**TASK PROMPT:** Could you set down exactly the lines in the records below between the line holding "by (simp add: trace_def cscale_def" and the line holding "using assms(2,4) by", inclusive?

**DATA FOR ANALYSIS:**
******
(* For all integers $k\geq 1$, $V(F_{2k+1}-1)=V(F_{2k+1}-2)=F_{2k-1}$ and $V(F_{2k+2}-2)=F_{2k}$.
   Context: Fibonacci numbers: $F_0=0$, $F_1=1$, $F_{m+2}=F_{m+1}+F_m$. Standard Fibonacci words: $f_{-1}=b$, $f_0=a$, $f_{m+1}=f_mf_{m-1}$. The Fibonacci word ${\bf f}=\lim f_m=abaababa\cdots$, with prefix of length $j$ denoted ${\bf f}(0..j]$. $V(N)$ is the number of factorizations of ${\bf f}(0..N]$ as $f_m^{k_m}\cdots f_0^{k_0}$ with all $k_i\geq 0$ (into standard words $f_i$, $i\geq0$, in non-strictly decreasing order of index), counted up to leading zero exponents; $V(0)=1$. *)

theory Defs
  imports "HOL-Number_Theory.Fib"
begin

datatype letter = La | Lb

text \<open>Standard Fibonacci words: fw n = f_n, with f_{-1} = b, f_0 = a,
  f_1 = f_0 f_{-1} = ab, f_{n+2} = f_{n+1} f_n.\<close>
fun fw :: "nat \<Rightarrow> letter list" where
  "fw 0 = [La]"
| "fw (Suc 0) = [La, Lb]"
| "fw (Suc (Suc n)) = fw (Suc n) @ fw n"

text \<open>The infinite Fibonacci word (limit of the f_n; f_n is a prefix of f_{n+1}
  and length (fw (Suc j)) > j).\<close>
definition fword :: "nat \<Rightarrow> letter" where
  "fword j = fw (Suc j) ! j"

definition fprefix :: "nat \<Rightarrow> letter list" where
  "fprefix N = map fword [0..<N]"

text \<open>The word f_m^{k_m} ... f_0^{k_0} for the exponent list ks = [k_0, ..., k_m].\<close>
definition fact_word :: "nat list \<Rightarrow> letter list" where
  "fact_word ks = concat (map (\<lambda>i. concat (replicate (ks ! i) (fw i))) (rev [0..<length ks]))"

text \<open>Factorizations counted up to leading zero exponents: normalized exponent
  lists have nonzero last (= leading) exponent; the empty list is the empty product.\<close>
definition V :: "nat \<Rightarrow> nat" where
  "V N = card {ks. (ks = [] \<or> last ks \<noteq> 0) \<and> fact_word ks = fprefix N}"

end

theory Submission
  imports Defs
begin
(* Let $1\le k<n$, let $P,Q\in\mathbb{M}_n$ be rank-$k$ orthogonal projections and $\theta_1,\theta_2\in\mathbb{R}$. Then $\operatorname{span}_{\mathbb{R}}e^{i\theta_1}S(P)=\operatorname{span}_{\mathbb{R}}e^{i\theta_2}S(Q)$ if and only if $P=Q$ and $\theta_1\equiv\theta_2\pmod{\pi}$.
   Context: For $A\in\mathbb{M}_n$: $w_k(A)=\max\{|\operatorname{tr}(AP)|: P=P^*=P^2,\operatorname{tr}P=k\}$. For a rank-$k$ orthogonal projection $P$, $S(P)=\{B\in\mathbb{M}_n:\operatorname{tr}(BP)=w_k(B)\}$. *)

theory Defs
  imports "HOL-Analysis.Analysis"
begin

text \<open>Complex n x n matrices are rendered as complex^'n^'n, with n = CARD('n).\<close>

definition cadj :: "complex^'n^'n \<Rightarrow> complex^'n^'n" where
  "cadj A = (\<chi> i j. cnj (A $ j $ i))"

definition orth_proj :: "nat \<Rightarrow> complex^'n^'n \<Rightarrow> bool" where
  "orth_proj k P \<longleftrightarrow> P = cadj P \<and> P ** P = P \<and> trace P = of_nat k"

definition wk :: "nat \<Rightarrow> complex^'n^'n \<Rightarrow> real" where
  "wk k A = Sup {cmod (trace (A ** P)) | P. orth_proj k P}"

definition Sset :: "nat \<Rightarrow> complex^'n^'n \<Rightarrow> (complex^'n^'n) set" where
  "Sset k P = {B. trace (B ** P) = complex_of_real (wk k B)}"

definition cscale :: "complex \<Rightarrow> complex^'n^'n \<Rightarrow> complex^'n^'n" where
  "cscale c A = (\<chi> i j. c * A $ i $ j)"

end

theory Submission imports Defs begin

text \<open>
  Membership of e^{i\<theta>} B in the real span of e^{i\<theta>'} S(Q) is detected by the real-linear
  functional X \<mapsto> Im (e^{-i\<theta>'} tr(XQ)), which vanishes on that span. Testing it on
  e^{i\<theta>} I and on e^{i\<theta>} ((1 - i) P + i I), both elements of e^{i\<theta>} S(P), gives
  sin(\<theta> - \<theta>') = 0 and tr(PQ) = k. For rank-k projections, tr(PQ) = k - \<parallel>(I - P)Q\<parallel>^2, so the
  latter forces PQ = Q, and symmetrically QP = P, hence P = Q. Conversely, if \<theta> - \<theta>' \<in> \<pi>\<int>
  then e^{i\<theta>} = \<plusminus>e^{i\<theta>'}, and a real rescaling does not change a real span.
\<close>

lemma orth_projD:
  assumes "orth_proj k P"
  shows "cadj P = P" "P ** P = P" "trace P = of_nat k"
  using assms unfolding orth_proj_def by metis+

lemma matrix_mul_add_rdistrib:
  "((A::'a::semiring_1^'n^'m) + B) ** C = A ** C + B ** C"
  by (simp add: vec_eq_iff matrix_matrix_mult_def distrib_right sum.distrib)

lemma matrix_mul_diff_ldistrib:
  "(A::'a::ring_1^'n^'m) ** (B - C) = A ** B - A ** C"
  by (simp add: vec_eq_iff matrix_matrix_mult_def right_diff_distrib sum_subtractf)

lemma matrix_mul_diff_rdistrib:
  "((A::'a::ring_1^'n^'m) - B) ** C = A ** C - B ** C"
  by (simp add: vec_eq_iff matrix_matrix_mult_def left_diff_distrib sum_subtractf)

lemma cadj_mult: "cadj (A ** B) = cadj B ** cadj (A::complex^'n^'n)"
  by (simp add: cadj_def vec_eq_iff matrix_matrix_mult_def mult.commute)

lemma cadj_id_minus: "cadj (mat 1 - P) = mat 1 - cadj (P::complex^'n^'n)"
  by (simp add: cadj_def vec_eq_iff mat_def)

lemma idempotent_id_minus:
  assumes "P ** P = (P::'a::ring_1^'n^'n)"
  shows "(mat 1 - P) ** (mat 1 - P) = mat 1 - P"
  using assms by (simp add: matrix_mul_diff_ldistrib matrix_mul_diff_rdistrib)

lemma trace_cscale_mult: "trace (cscale c A ** B) = c * trace (A ** (B::complex^'n^'n))"
  by (simp add: trace_def cscale_def matrix_matrix_mult_def sum_distrib_left mult.assoc)

lemma cscale_of_real: "cscale (complex_of_real r) A = r *\<^sub>R (A::complex^'n^'n)"
  unfolding cscale_def vec_eq_iff
  by (simp only: vec_lambda_beta vector_scaleR_component) (simp add: scaleR_conv_of_real)

lemma cscale_cscale: "cscale a (cscale b A) = cscale (a * b) (A::complex^'n^'n)"
  by (simp add: cscale_def vec_eq_iff mult.assoc)

lemma norm_matrix_power2:
  "(norm (M::complex^'n^'m))\<^sup>2 = (\<Sum>i\<in>UNIV. \<Sum>j\<in>UNIV. (cmod (M $ i $ j))\<^sup>2)"
  by (simp add: norm_vec_def L2_set_def sum_nonneg)

lemma trace_mult_cadj_self: "trace (M ** cadj M) = complex_of_real ((norm (M::complex^'n^'n))\<^sup>2)"
  unfolding norm_matrix_power2 of_real_sum complex_norm_square
  by (simp add: trace_def cadj_def matrix_matrix_mult_def)

lemma trace_proj_mult:
  assumes "cadj A = A" "A ** A = A" "cadj B = B" "B ** B = (B::complex^'n^'n)"
  shows "trace (A ** B) = complex_of_real ((norm (A ** B))\<^sup>2)"
proof -
  have "trace ((A ** B) ** cadj (A ** B)) = trace (A ** ((B ** B) ** A))"
    using assms(1,3) by (simp add: cadj_mult matrix_mul_assoc)
  also have "\<dots> = trace (((B ** B) ** A) ** A)"
    by (rule trace_mul_sym)
  also have "((B ** B) ** A) ** A = B ** A"
    using assms(2,4) by (simp add: matrix_mul_assoc[symmetric])
  also have "trace (B ** A) = trace (A ** B)"
    by (rule trace_mul_sym)
  finally show ?thesis
    by (simp add: trace_mult_cadj_self)
qed

lemma trace_compl_proj_mult:
  assumes "orth_proj k (Q::complex^'n^'n)"
  shows "trace ((mat 1 - P) ** Q) = of_nat k - trace (P ** Q)"
  using orth_projD(3)[OF assms] by (simp add: matrix_mul_diff_rdistrib trace_sub)

lemma trace_orth_proj_mult_bounds:
  assumes "orth_proj k P" "orth_proj k (Q::complex^'n^'n)"
  obtains a where "trace (P ** Q) = complex_of_real a" "0 \<le> a" "a \<le> real k"
proof -
  note P = orth_projD[OF assms(1)] and Q = orth_projD[OF assms(2)]
  define a b where "a = (norm (P ** Q))\<^sup>2" and "b = (norm ((mat 1 - P) ** Q))\<^sup>2"
  have a: "trace (P ** Q) = complex_of_real a"
    unfolding a_def using P Q by (intro trace_proj_mult)
  have "trace ((mat 1 - P) ** Q) = complex_of_real b"
    unfolding b_def using P Q
    by (intro trace_proj_mult) (simp_all add: cadj_id_minus idempotent_id_minus)
  then have "complex_of_real (a + b) = of_nat k"
    using a trace_compl_proj_mult[OF assms(2), of P] by (metis add.commute diff_add_cancel of_real_add)
  then have "a + b = real k"
    by (metis of_real_eq_iff of_real_of_nat_eq)
  moreover have "0 \<le> a" "0 \<le> b"
    unfolding a_def b_def by simp_all
  ultimately show thesis
    using that a by simp
qed

lemma proj_mult_eq_if_trace_compl_mult_eq_0:
  assumes "cadj P = P" "P ** P = P" "cadj Q = Q" "Q ** Q = (Q::complex^'n^'n)"
    and "trace ((mat 1 - P) ** Q) = 0"
  shows "P ** Q = Q"
proof -
  have "trace ((mat 1 - P) ** Q) = complex_of_real ((norm ((mat 1 - P) ** Q))\<^sup>2)"
    using assms(1-4) by (intro trace_proj_mult) (simp_all add: cadj_id_minus idempotent_id_minus)
  with assms(5) have "(mat 1 - P) ** Q = 0"
    by simp
  then show ?thesis
    by (simp add: matrix_mul_diff_rdistrib)
qed

lemma orth_proj_eq_if_trace_mult:
  assumes "orth_proj k P" "orth_proj k (Q::complex^'n^'n)" "trace (P ** Q) = of_nat k"
  shows "P = Q"
proof -
  note P = orth_projD[OF assms(1)] and Q = orth_projD[OF assms(2)]
  have "trace ((mat 1 - P) ** Q) = 0"
    by (simp only: trace_compl_proj_mult[OF assms(2)] assms(3) diff_self)
  then have PQ: "P ** Q = Q"
    by (rule proj_mult_eq_if_trace_compl_mult_eq_0[OF P(1,2) Q(1,2)])
  have "trace ((mat 1 - Q) ** P) = 0"
    by (simp only: trace_compl_proj_mult[OF assms(1)] trace_mul_sym[of Q P] assms(3) diff_self)
  then have QP: "Q ** P = P"
    by (rule proj_mult_eq_if_trace_compl_mult_eq_0[OF Q(1,2) P(1,2)])
  have "Q = cadj (P ** Q)"
    using PQ Q(1) by simp
  also have "\<dots> = Q ** P"
    using P(1) Q(1) by (simp add: cadj_mult)
  finally show ?thesis
    using QP by simp
qed

lemma wk_mat_1:
  assumes "orth_proj k (P::complex^'n^'n)"
  shows "wk k (mat 1::complex^'n^'n) = real k"
  unfolding wk_def
proof (rule cSup_eq_maximum)
  show "real k \<in> {cmod (trace ((mat 1::complex^'n^'n) ** P')) |P'. orth_proj k P'}"
    using assms orth_projD(3)[OF assms] by force
qed (auto dest: orth_projD(3))

lemma mat_1_in_Sset: "orth_proj k (P::complex^'n^'n) \<Longrightarrow> mat 1 \<in> Sset k P"
  by (simp add: Sset_def wk_mat_1 orth_projD(3))

text \<open>
  Against a rank-k projection P' the trace of (1 - i) P + i I is a + i(k - a) with
  a = tr(PP') \<in> [0, k]; its modulus is at most k, with equality for P' = P.
\<close>

definition tilt_proj :: "complex^'n^'n \<Rightarrow> complex^'n^'n" where
  "tilt_proj P = cscale (1 - \<i>) P + cscale \<i> (mat 1)"

lemma trace_tilt_proj_mult:
  assumes "orth_proj k (P'::complex^'n^'n)"
  shows "trace (tilt_proj P ** P') = (1 - \<i>) * trace (P ** P') + \<i> * of_nat k"
  using orth_projD(3)[OF assms]
  by (simp add: tilt_proj_def matrix_mul_add_rdistrib trace_add trace_cscale_mult)

lemma trace_tilt_proj_mult_real:
  assumes "orth_proj k (P'::complex^'n^'n)" "trace (P ** P') = complex_of_real a"
  shows "trace (tilt_proj P ** P') = Complex a (real k - a)"
  using trace_tilt_proj_mult[OF assms(1), of P] assms(2) by (simp add: complex_eq_iff)

lemma wk_tilt_proj:
  assumes "orth_proj k (P::complex^'n^'n)"
  shows "wk k (tilt_proj P) = real k"
  unfolding wk_def
proof (rule cSup_eq_maximum)
  have "trace (tilt_proj P ** P) = of_nat k"
    using orth_projD(2,3)[OF assms] trace_tilt_proj_mult[OF assms, of P] by (simp add: algebra_simps)
  then show "real k \<in> {cmod (trace (tilt_proj P ** P')) |P'. orth_proj k P'}"
    using assms by force
next
  fix x assume "x \<in> {cmod (trace (tilt_proj P ** P')) |P'. orth_proj k P'}"
  then obtain P' where P': "orth_proj k P'" and x: "x = cmod (trace (tilt_proj P ** P'))"
    by auto
  obtain a where a: "trace (P ** P') = complex_of_real a" "0 \<le> a" "a \<le> real k"
    using trace_orth_proj_mult_bounds[OF assms P'] .
  have "x = sqrt (a\<^sup>2 + (real k - a)\<^sup>2)"
    using x trace_tilt_proj_mult_real[OF P' a(1)] by (simp add: cmod_def)
  also have "\<dots> \<le> sqrt ((real k)\<^sup>2)"
  proof (rule real_sqrt_le_mono)
    have "a * a \<le> a * real k"
      using a by (intro mult_left_mono) auto
    then show "a\<^sup>2 + (real k - a)\<^sup>2 \<le> (real k)\<^sup>2"
      by (simp add: power2_eq_square algebra_simps)
  qed
  finally show "x \<le> real k"
    by simp
qed

lemma tilt_proj_in_Sset: "orth_proj k (P::complex^'n^'n) \<Longrightarrow> tilt_proj P \<in> Sset k P"
  unfolding Sset_def
  using trace_tilt_proj_mult[of k P P] wk_tilt_proj[of k P] orth_projD(2,3)[of k P]
  by (simp add: algebra_simps)

lemma subspace_Im_trace_mult_eq_0:
  "subspace {X. Im (c * trace (X ** (Q::complex^'n^'n))) = 0}"
  unfolding subspace_def
proof (intro conjI ballI allI)
  show "0 \<in> {X. Im (c * trace (X ** Q)) = 0}"
    by (simp add: trace_def)
next
  fix X Y assume "X \<in> {X. Im (c * trace (X ** Q)) = 0}" "Y \<in> {X. Im (c * trace (X ** Q)) = 0}"
  then show "X + Y \<in> {X. Im (c * trace (X ** Q)) = 0}"
    by (simp add: matrix_mul_add_rdistrib trace_add distrib_left)
next
  fix r :: real and X assume X: "X \<in> {X. Im (c * trace (X ** Q)) = 0}"
  have "trace ((r *\<^sub>R X) ** Q) = complex_of_real r * trace (X ** Q)"
    by (simp only: trace_cscale_mult flip: cscale_of_real)
  then have "Im (c * trace ((r *\<^sub>R X) ** Q)) = r * Im (c * trace (X ** Q))"
    by (simp add: mult.left_commute[of c])
  with X show "r *\<^sub>R X \<in> {X. Im (c * trace (X ** Q)) = 0}"
    by simp
qed

lemma span_cscale_cis_Sset_subset:
  "span (cscale (cis t) ` Sset k (Q::complex^'n^'n)) \<subseteq> {X. Im (cnj (cis t) * trace (X ** Q)) = 0}"
proof (rule span_minimal[OF _ subspace_Im_trace_mult_eq_0], clarify)
  fix B assume "B \<in> Sset k Q"
  then show "Im (cnj (cis t) * trace (cscale (cis t) B ** Q)) = 0"
    by (simp add: Sset_def trace_cscale_mult cis_cnj mult.assoc[symmetric] cis_mult)
qed

lemma Im_cis_trace_mult_eq_0_if_span_subset:
  assumes "span (cscale (cis \<theta>1) ` Sset k P) \<subseteq> span (cscale (cis \<theta>2) ` Sset k (Q::complex^'n^'n))"
    and "B \<in> Sset k P"
  shows "Im (cis (\<theta>1 - \<theta>2) * trace (B ** Q)) = 0"
proof -
  have "cscale (cis \<theta>1) B \<in> span (cscale (cis \<theta>2) ` Sset k Q)"
    using assms by (blast intro: span_base)
  then have "Im (cnj (cis \<theta>2) * (cis \<theta>1 * trace (B ** Q))) = 0"
    using span_cscale_cis_Sset_subset[of \<theta>2 k Q] by (auto simp: trace_cscale_mult)
  then show ?thesis
    by (simp add: cis_cnj mult.assoc[symmetric] cis_mult)
qed

lemma eq_if_span_cscale_cis_Sset_subset:
  assumes "1 \<le> k" "orth_proj k P" "orth_proj k (Q::complex^'n^'n)"
    and "span (cscale (cis \<theta>1) ` Sset k P) \<subseteq> span (cscale (cis \<theta>2) ` Sset k Q)"
  shows "P = Q \<and> sin (\<theta>1 - \<theta>2) = 0"
proof -
  have "Im (cis (\<theta>1 - \<theta>2) * trace (mat 1 ** Q)) = 0"
    using Im_cis_trace_mult_eq_0_if_span_subset[OF assms(4) mat_1_in_Sset[OF assms(2)]] .
  then have sin: "sin (\<theta>1 - \<theta>2) = 0"
    using orth_projD(3)[OF assms(3)] assms(1) by simp
  obtain a where a: "trace (P ** Q) = complex_of_real a"
    using trace_orth_proj_mult_bounds[OF assms(2,3)] by blast
  have "Im (cis (\<theta>1 - \<theta>2) * trace (tilt_proj P ** Q)) = 0"
    using Im_cis_trace_mult_eq_0_if_span_subset[OF assms(4) tilt_proj_in_Sset[OF assms(2)]] .
  then have "cos (\<theta>1 - \<theta>2) * (real k - a) = 0"
    using sin trace_tilt_proj_mult_real[OF assms(3) a] by simp
  moreover have "cos (\<theta>1 - \<theta>2) \<noteq> 0"
    using sin_zero_abs_cos_one[OF sin] by auto
  ultimately have "a = real k"
    by simp
  then have "trace (P ** Q) = of_nat k"
    using a by simp
  with sin show ?thesis
    using orth_proj_eq_if_trace_mult[OF assms(2,3)] by blast
qed

lemma span_scaleR_image:
  fixes T :: "'a::real_vector set"
  assumes "r \<noteq> 0"
  shows "span ((*\<^sub>R) r ` T) = span T"
proof -
  have sub: "span ((*\<^sub>R) c ` S) \<subseteq> span S" for c and S :: "'a set"
    by (rule span_minimal) (auto intro: span_mul span_base)
  have "T = (*\<^sub>R) (inverse r) ` (*\<^sub>R) r ` T"
    using assms by (simp add: image_image)
  then have "span T \<subseteq> span ((*\<^sub>R) r ` T)"
    by (metis sub)
  with sub show ?thesis
    by blast
qed

lemma span_cscale_cis_eq_if_sin_diff_eq_0:
  assumes "sin (\<theta>1 - \<theta>2) = 0"
  shows "span (cscale (cis \<theta>1) ` T) = span (cscale (cis \<theta>2) ` (T::(complex^'n^'n) set))"
proof -
  have "cis (\<theta>1 - \<theta>2) = complex_of_real (cos (\<theta>1 - \<theta>2))"
    using assms by (simp add: complex_eq_iff)
  then have "cis \<theta>1 = complex_of_real (cos (\<theta>1 - \<theta>2)) * cis \<theta>2"
    by (metis cis_mult diff_add_cancel)
  then have rotate: "cscale (cis \<theta>1) B = cos (\<theta>1 - \<theta>2) *\<^sub>R cscale (cis \<theta>2) B" for B
    by (simp add: cscale_cscale flip: cscale_of_real)
  have "cscale (cis \<theta>1) ` T = (*\<^sub>R) (cos (\<theta>1 - \<theta>2)) ` cscale (cis \<theta>2) ` T"
    unfolding image_image rotate ..
  moreover have "cos (\<theta>1 - \<theta>2) \<noteq> 0"
    using sin_zero_abs_cos_one[OF assms] by auto
  ultimately show ?thesis
    by (simp add: span_scaleR_image)
qed

theorem mainTheorem4:
  fixes P Q :: "complex^'n^'n" and k :: nat and \<theta>1 \<theta>2 :: real
  assumes "1 \<le> k" and "k < CARD('n)"
    and "orth_proj k P" and "orth_proj k Q"
  shows "span (cscale (cis \<theta>1) ` Sset k P) = span (cscale (cis \<theta>2) ` Sset k Q)
         \<longleftrightarrow> P = Q \<and> (\<exists>m::int. \<theta>1 - \<theta>2 = of_int m * pi)"
proof -
  have "span (cscale (cis \<theta>1) ` Sset k P) = span (cscale (cis \<theta>2) ` Sset k Q)
        \<longleftrightarrow> P = Q \<and> sin (\<theta>1 - \<theta>2) = 0"
    using eq_if_span_cscale_cis_Sset_subset[OF assms(1,3,4)]
      span_cscale_cis_eq_if_sin_diff_eq_0[of \<theta>1 \<theta>2 "Sset k P"]
    by blast
  then show ?thesis
    by (simp add: sin_zero_iff_int2)
qed

end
******
**ANSWER BOX:**
  by (simp add: trace_def cscale_def matrix_matrix_mult_def sum_distrib_left mult.assoc)

lemma cscale_of_real: "cscale (complex_of_real r) A = r *\<^sub>R (A::complex^'n^'n)"
  unfolding cscale_def vec_eq_iff
  by (simp only: vec_lambda_beta vector_scaleR_component) (simp add: scaleR_conv_of_real)

lemma cscale_cscale: "cscale a (cscale b A) = cscale (a * b) (A::complex^'n^'n)"
  by (simp add: cscale_def vec_eq_iff mult.assoc)

lemma norm_matrix_power2:
  "(norm (M::complex^'n^'m))\<^sup>2 = (\<Sum>i\<in>UNIV. \<Sum>j\<in>UNIV. (cmod (M $ i $ j))\<^sup>2)"
  by (simp add: norm_vec_def L2_set_def sum_nonneg)

lemma trace_mult_cadj_self: "trace (M ** cadj M) = complex_of_real ((norm (M::complex^'n^'n))\<^sup>2)"
  unfolding norm_matrix_power2 of_real_sum complex_norm_square
  by (simp add: trace_def cadj_def matrix_matrix_mult_def)

lemma trace_proj_mult:
  assumes "cadj A = A" "A ** A = A" "cadj B = B" "B ** B = (B::complex^'n^'n)"
  shows "trace (A ** B) = complex_of_real ((norm (A ** B))\<^sup>2)"
proof -
  have "trace ((A ** B) ** cadj (A ** B)) = trace (A ** ((B ** B) ** A))"
    using assms(1,3) by (simp add: cadj_mult matrix_mul_assoc)
  also have "\<dots> = trace (((B ** B) ** A) ** A)"
    by (rule trace_mul_sym)
  also have "((B ** B) ** A) ** A = B ** A"
    using assms(2,4) by (simp add: matrix_mul_assoc[symmetric])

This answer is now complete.